In the entries that follow, the lines from the one with "by (simp add: mult.commute)" through the one with "proof (intro ext)" are the ones to write out, exactly and with both ends included. Nothing else should appear.
RECORDS PROVIDED below:
lemma periodic_C1_lipschitz:
  fixes c :: "real \<Rightarrow> real"
  assumes deriv: "\<And>x. (c has_real_derivative c' x) (at x)" and "continuous_on UNIV c'"
    and periodic: "\<forall>t. c (t + T) = c t" and "0 < T"
  obtains L where "\<And>t s. 0 < s \<Longrightarrow> \<bar>c t - c (t - s)\<bar> \<le> L * s"
proof -
  have "c' (x + T) = c' x" for x
  proof -
    have "((\<lambda>y. c (y + T)) has_real_derivative c' (x + T)) (at x)"
      using deriv[of "x + T"] by (simp add: DERIV_shift)
    then have "(c has_real_derivative c' (x + T)) (at x)"
      using periodic by simp
    then show ?thesis
      using deriv[of x] by (rule DERIV_unique)
  qed
  then obtain L where L: "\<And>x. \<bar>c' x\<bar> \<le> L"
    using periodic_continuous_bounded[of c' T] assms by auto
  have "\<bar>c t - c (t - s)\<bar> \<le> L * s" if s: "0 < s" for t s
  proof -
    obtain z where "c t - c (t - s) = (t - (t - s)) * c' z"
      using MVT2[of "t - s" t c c'] deriv s by auto
    then have "\<bar>c t - c (t - s)\<bar> = s * \<bar>c' z\<bar>"
      using s by (simp add: abs_mult)
    also have "\<dots> \<le> s * L"
      using s L by (intro mult_left_mono) auto
    finally show ?thesis
      by (simp add: mult.commute)
  qed
  then show ?thesis
    by (rule that)
qed

definition KL_kernel :: "(real \<Rightarrow> real) \<Rightarrow> real \<Rightarrow> real \<Rightarrow> complex" where
  "KL_kernel c t s = (if 0 < s then csqrt (\<i> / of_real pi)
      * (exp (\<i> * of_real ((c t - c (t - s))\<^sup>2 / (4 * s))) - 1) / of_real (sqrt s) else 0)"

lemma KL_eq_laplace_op: "KL c = laplace_op (KL_kernel c)"
proof (intro ext)
  fix \<sigma> f t
  have "KL c \<sigma> f t = csqrt (\<i> / of_real pi) * (\<integral>s. indicator {0<..} s *\<^sub>R
      ((exp (\<i> * of_real ((c t - c (t - s))\<^sup>2 / (4 * s))) - 1) * exp (\<i> * \<sigma> * of_real s)
        * f (t - s) / of_real (sqrt s)) \<partial>lborel)"
    unfolding KL_def set_lebesgue_integral_def by simp
  also have "\<dots> = (\<integral>s. csqrt (\<i> / of_real pi) * (indicator {0<..} s *\<^sub>R
      ((exp (\<i> * of_real ((c t - c (t - s))\<^sup>2 / (4 * s))) - 1) * exp (\<i> * \<sigma> * of_real s)
        * f (t - s) / of_real (sqrt s))) \<partial>lborel)"
    by (rule integral_mult_right_zero[symmetric])
  also have "\<dots> = laplace_op (KL_kernel c) \<sigma> f t"
    unfolding laplace_op_def kernel_op_def KL_kernel_def
    by (intro Bochner_Integration.integral_cong) (auto simp: indicator_def)
  finally show "KL c \<sigma> f t = laplace_op (KL_kernel c) \<sigma> f t" .
qed

lemma norm_exp_i_minus_one_le: "cmod (exp (\<i> * of_real x) - 1) \<le> \<bar>x\<bar>"
proof -
  have "cmod (exp (\<i> * of_real x) - 1) = 2 * \<bar>sin (x / 2)\<bar>"
    by (rule dist_exp_i_1)
  also have "\<dots> \<le> 2 * \<bar>x / 2\<bar>"
    by (intro mult_left_mono abs_sin_x_le_abs_x) auto
  finally show ?thesis
    by simp
qed

lemma norm_KL_kernel_le:
  assumes L: "\<And>t s. 0 < s \<Longrightarrow> \<bar>c t - c (t - s)\<bar> \<le> L * s" and M: "\<And>t. \<bar>c t\<bar> \<le> M"
    and s: "0 < s"
  shows "cmod (KL_kernel c t s) \<le> L\<^sup>2 / 4 * sqrt s"
    and "cmod (KL_kernel c t s) \<le> M\<^sup>2 / (s * sqrt s)"
proof -
  define \<theta> where "\<theta> = (c t - c (t - s))\<^sup>2 / (4 * s)"
  have "cmod (csqrt (\<i> / of_real pi)) \<le> 1"
    using pi_ge_two by (simp add: norm_divide)
  then have "cmod (KL_kernel c t s) \<le> cmod (exp (\<i> * of_real \<theta>) - 1) / sqrt s"
    unfolding KL_kernel_def \<theta>_def using s
    by (simp add: norm_mult norm_divide divide_right_mono mult_left_le_one_le)
  also have "\<dots> \<le> \<theta> / sqrt s"
    using norm_exp_i_minus_one_le[of \<theta>] s unfolding \<theta>_def by (intro divide_right_mono) auto
  finally have bound: "cmod (KL_kernel c t s) \<le> \<theta> / sqrt s" .
  have "(c t - c (t - s))\<^sup>2 \<le> (L * s)\<^sup>2"
    using power_mono[OF L[OF s, of t] abs_ge_zero, of 2] by simp
  then have "\<theta> \<le> L\<^sup>2 * s / 4"
    unfolding \<theta>_def using s by (simp add: field_simps power2_eq_square)
  then have "\<theta> / sqrt s \<le> (L\<^sup>2 * s / 4) / sqrt s"
    using s by (intro divide_right_mono) auto
  also have "(L\<^sup>2 * s / 4) / sqrt s = L\<^sup>2 / 4 * sqrt s"
    using s by (simp add: field_simps)
  finally show "cmod (KL_kernel c t s) \<le> L\<^sup>2 / 4 * sqrt s"
    using bound by linarith
  have M2: "\<bar>c t - c (t - s)\<bar> \<le> 2 * M"
    using M[of t] M[of "t - s"] by linarith
  have "(c t - c (t - s))\<^sup>2 \<le> (2 * M)\<^sup>2"
    using power_mono[OF M2 abs_ge_zero, of 2] by simp
  then have "\<theta> \<le> (2 * M)\<^sup>2 / (4 * s)"
    unfolding \<theta>_def using s by (intro divide_right_mono) auto
  then have "\<theta> \<le> M\<^sup>2 / s"
    using s by (simp add: power_mult_distrib)
  then have "\<theta> / sqrt s \<le> (M\<^sup>2 / s) / sqrt s"
    using s by (intro divide_right_mono) auto
  then show "cmod (KL_kernel c t s) \<le> M\<^sup>2 / (s * sqrt s)"
    using bound by simp
qed

lemma decay_three_halves: "0 \<le> s \<Longrightarrow> decay (3 / 2) s = 1 / ((1 + s) * sqrt (1 + s))"
proof -
  assume s: "0 \<le> s"
  have "(1 + s) powr (3 / 2) = (1 + s) powr (1 + 1 / 2)"
    by (rule arg_cong[where f="\<lambda>a. (1 + s) powr a"]) simp
  also have "\<dots> = (1 + s) powr 1 * (1 + s) powr (1 / 2)"
    by (rule powr_add)
  also have "\<dots> = (1 + s) * sqrt (1 + s)"
    using s by (simp add: powr_half_sqrt)
  finally have three_halves: "(1 + s) powr (3 / 2) = (1 + s) * sqrt (1 + s)" .
  have "decay (3 / 2) s = (1 + s) powr (- (3 / 2))"
    unfolding decay_def using s by simp
  also have "\<dots> = 1 / ((1 + s) * sqrt (1 + s))"
    unfolding powr_minus three_halves by (rule inverse_eq_divide)
  finally show ?thesis .
qed

lemma min_sqrt_bound_le_decay:
  assumes "0 < s" "0 \<le> a" "0 \<le> b"
  shows "min (a * sqrt s) (b / (s * sqrt s)) \<le> 3 * (a + b) * decay (3 / 2) s"
proof -
  have sqrt2: "sqrt 2 \<le> 3 / 2"
    by (rule real_le_lsqrt) (auto simp: power2_eq_square)
  have w: "decay (3 / 2) s = 1 / ((1 + s) * sqrt (1 + s))"
    using assms(1) by (simp add: decay_three_halves)
  show ?thesis
  proof (cases "s \<le> 1")
    case True
    have "(1 + s) * sqrt (1 + s) \<le> 2 * sqrt 2"
      using True assms(1) by (intro mult_mono) auto
    with sqrt2 have "(1 + s) * sqrt (1 + s) \<le> 3"
      by linarith
    then have "1 / 3 \<le> decay (3 / 2) s"
      unfolding w using assms(1) by (intro divide_left_mono) auto
    have "min (a * sqrt s) (b / (s * sqrt s)) \<le> a"
      using True assms by (simp add: min.coboundedI1 mult_left_le)
    also have "\<dots> \<le> 3 * (a + b) * (1 / 3)"
      using assms by simp
    also have "\<dots> \<le> 3 * (a + b) * decay (3 / 2) s"
      using \<open>1 / 3 \<le> decay (3 / 2) s\<close> assms by (intro mult_left_mono) auto
    finally show ?thesis .
  next
    case False
    have "(1 + s) * sqrt (1 + s) \<le> (2 * s) * (sqrt 2 * sqrt s)"
      using False by (intro mult_mono) (auto simp: real_sqrt_mult[symmetric])
    also have "\<dots> \<le> (2 * s) * (3 / 2 * sqrt s)"
      using sqrt2 assms(1) by (intro mult_left_mono mult_right_mono) auto
    finally have "(1 + s) * sqrt (1 + s) \<le> 3 * (s * sqrt s)"
      by simp
    then have "3 / (3 * (s * sqrt s)) \<le> 3 / ((1 + s) * sqrt (1 + s))"
      using assms(1) by (intro divide_left_mono) auto
    then have "b * (3 / (3 * (s * sqrt s))) \<le> b * (3 / ((1 + s) * sqrt (1 + s)))"
      using assms(3) by (rule mult_left_mono)
    then have "b / (s * sqrt s) \<le> b * (3 * decay (3 / 2) s)"
      unfolding w by simp
    also have "\<dots> \<le> 3 * (a + b) * decay (3 / 2) s"
      using assms decay_pos[of "3 / 2" s] by (simp add: mult_right_mono)
    finally show ?thesis
      by simp
  qed
qed

lemma continuous_on_KL_kernel:
  assumes cont: "continuous_on UNIV c"
    and small: "\<And>t s. 0 < s \<Longrightarrow> cmod (KL_kernel c t s) \<le> K * sqrt s"
  shows "continuous_on UNIV (\<lambda>z. KL_kernel c (fst z) (snd z))"
proof (intro continuous_at_imp_continuous_on ballI)
  fix z :: "real \<times> real"
  let ?G = "\<lambda>z. KL_kernel c (fst z) (snd z)"
  have K: "0 \<le> K"
    using order_trans[OF norm_ge_zero small[OF zero_less_one, of 0]] by simp
  consider "snd z > 0" | "snd z < 0" | "snd z = 0"
    by linarith
  then show "isCont ?G z"
  proof cases
    case 1
    define S where "S = {z :: real \<times> real. 0 < snd z}"
    have "open S"
      unfolding S_def by (rule open_Collect_less) (auto intro: continuous_intros)
    have "continuous_on S (\<lambda>z. c (fst z))"
      by (rule continuous_on_compose2[OF cont]) (auto intro: continuous_intros)
    moreover have "continuous_on S (\<lambda>z. c (fst z - snd z))"
      by (rule continuous_on_compose2[OF cont]) (auto intro!: continuous_intros)
    ultimately have "continuous_on S (\<lambda>z. csqrt (\<i> / of_real pi) * (exp (\<i> * of_real ((c (fst z) - c (fst z - snd z))\<^sup>2
        / (4 * snd z))) - 1) / of_real (sqrt (snd z)))"
      by (intro continuous_intros) (auto simp: S_def)
    then have "continuous_on S ?G"
      by (rule continuous_on_cong[THEN iffD1, rotated -1]) (auto simp: S_def KL_kernel_def)
    with \<open>open S\<close> have "\<forall>x\<in>S. isCont ?G x"
      by (simp add: continuous_on_eq_continuous_at)
    with 1 show ?thesis
      unfolding S_def by blast
  next
    case 2
    define S where "S = {z :: real \<times> real. snd z < 0}"
    have "open S"
      unfolding S_def by (rule open_Collect_less) (auto intro: continuous_intros)
    have "continuous_on S ?G"
      by (rule continuous_on_cong[THEN iffD1, OF refl _ continuous_on_const[of S 0]])
        (auto simp: S_def KL_kernel_def)
    with \<open>open S\<close> have "\<forall>x\<in>S. isCont ?G x"
      by (simp add: continuous_on_eq_continuous_at)
    with 2 show ?thesis
      unfolding S_def by blast
  next
    case 3
    have "(?G \<longlongrightarrow> 0) (at z)"
    proof (rule Lim_null_comparison)
      show "\<forall>\<^sub>F w in at z. norm (?G w) \<le> K * sqrt \<bar>snd w\<bar>"
        using small K by (intro always_eventually allI) (auto simp: KL_kernel_def)
      have "((\<lambda>w. K * sqrt \<bar>snd w\<bar>) \<longlongrightarrow> K * sqrt \<bar>snd z\<bar>) (at z)"
        by (intro tendsto_intros)
      then show "((\<lambda>w. K * sqrt \<bar>snd w\<bar>) \<longlongrightarrow> 0) (at z)"
        using 3 by simp
    qed
    then show ?thesis
      using 3 unfolding isCont_def by (simp add: KL_kernel_def)
  qed
qed

lemma causal_kernel_KL_kernel:
  assumes T: "0 < T" and cont: "continuous_on UNIV c" and periodic: "\<forall>t. c (t + T) = c t"
    and L: "\<And>t s. 0 < s \<Longrightarrow> \<bar>c t - c (t - s)\<bar> \<le> L * s" and M: "\<And>t. \<bar>c t\<bar> \<le> M"
  shows "causal_kernel T (3 / 2) (3 * (L\<^sup>2 / 4 + M\<^sup>2)) (KL_kernel c)"
proof unfold_locales
  show "0 < T" "1 < (3 / 2 :: real)"
    using T by simp_all
  show "continuous_on UNIV (\<lambda>z. KL_kernel c (fst z) (snd z))"
    using cont norm_KL_kernel_le(1)[OF L M] by (rule continuous_on_KL_kernel)
  show "KL_kernel c (t + T) s = KL_kernel c t s" for t s
  proof -
    have "c (t + T - s) = c (t - s)"
      using periodic[rule_format, of "t - s"] by (simp add: algebra_simps)
    then show ?thesis
      using periodic by (simp add: KL_kernel_def)
  qed
  show "KL_kernel c t s = 0" if "s \<le> 0" for t s
    using that by (simp add: KL_kernel_def)
  show "cmod (KL_kernel c t s) \<le> 3 * (L\<^sup>2 / 4 + M\<^sup>2) * decay (3 / 2) s" for t s
  proof (cases "0 < s")
    case True
    then have "cmod (KL_kernel c t s) \<le> min (L\<^sup>2 / 4 * sqrt s) (M\<^sup>2 / (s * sqrt s))"
      using norm_KL_kernel_le[OF L M] by simp
    also have "\<dots> \<le> 3 * (L\<^sup>2 / 4 + M\<^sup>2) * decay (3 / 2) s"
      using True by (intro min_sqrt_bound_le_decay) auto
    finally show ?thesis .
  next
    case False
    then show ?thesis
      using decay_pos[of "3 / 2" s] by (simp add: KL_kernel_def)
  qed
qed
End of RECORDS PROVIDED.
▶ EXERCISE OUTPUT:
      by (simp add: mult.commute)
  qed
  then show ?thesis
    by (rule that)
qed

definition KL_kernel :: "(real \<Rightarrow> real) \<Rightarrow> real \<Rightarrow> real \<Rightarrow> complex" where
  "KL_kernel c t s = (if 0 < s then csqrt (\<i> / of_real pi)
      * (exp (\<i> * of_real ((c t - c (t - s))\<^sup>2 / (4 * s))) - 1) / of_real (sqrt s) else 0)"

lemma KL_eq_laplace_op: "KL c = laplace_op (KL_kernel c)"
proof (intro ext)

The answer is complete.